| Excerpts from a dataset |
* * * *

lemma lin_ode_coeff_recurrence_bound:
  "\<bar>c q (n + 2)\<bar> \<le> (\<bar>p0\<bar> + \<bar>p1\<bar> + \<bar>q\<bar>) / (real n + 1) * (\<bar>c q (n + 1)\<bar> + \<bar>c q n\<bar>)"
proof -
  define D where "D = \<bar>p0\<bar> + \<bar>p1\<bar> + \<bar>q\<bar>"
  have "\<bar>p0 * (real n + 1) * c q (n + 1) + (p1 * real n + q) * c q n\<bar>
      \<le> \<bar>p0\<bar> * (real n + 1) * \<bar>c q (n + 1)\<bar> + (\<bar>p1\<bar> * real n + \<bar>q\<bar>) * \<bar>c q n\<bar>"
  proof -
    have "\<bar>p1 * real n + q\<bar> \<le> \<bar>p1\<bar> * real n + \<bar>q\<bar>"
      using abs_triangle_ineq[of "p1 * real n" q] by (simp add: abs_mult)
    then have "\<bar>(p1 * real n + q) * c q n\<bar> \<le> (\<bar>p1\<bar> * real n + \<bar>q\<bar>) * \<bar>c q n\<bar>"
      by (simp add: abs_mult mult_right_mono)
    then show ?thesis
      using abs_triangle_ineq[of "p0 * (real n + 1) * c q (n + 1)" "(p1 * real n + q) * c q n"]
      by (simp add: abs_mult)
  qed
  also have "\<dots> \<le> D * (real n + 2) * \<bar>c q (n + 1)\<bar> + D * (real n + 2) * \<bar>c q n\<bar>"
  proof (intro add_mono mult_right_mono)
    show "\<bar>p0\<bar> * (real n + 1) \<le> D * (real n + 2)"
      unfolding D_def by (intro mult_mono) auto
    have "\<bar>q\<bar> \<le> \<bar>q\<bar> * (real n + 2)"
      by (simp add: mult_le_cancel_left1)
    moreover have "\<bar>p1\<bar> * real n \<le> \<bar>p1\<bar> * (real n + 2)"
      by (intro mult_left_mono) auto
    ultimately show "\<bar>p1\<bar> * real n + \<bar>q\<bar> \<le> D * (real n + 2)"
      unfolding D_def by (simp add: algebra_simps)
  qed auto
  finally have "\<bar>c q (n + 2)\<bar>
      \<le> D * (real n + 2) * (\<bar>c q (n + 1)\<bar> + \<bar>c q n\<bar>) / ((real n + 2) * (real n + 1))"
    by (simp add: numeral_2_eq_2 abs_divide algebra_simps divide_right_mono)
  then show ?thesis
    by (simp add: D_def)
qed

* * * *

| WORK REQUIRED |
Search the data and copy each line containing "auto".

| WRITTEN RESPONSE |
      unfolding D_def by (intro mult_mono) auto
      by (intro mult_left_mono) auto
  qed auto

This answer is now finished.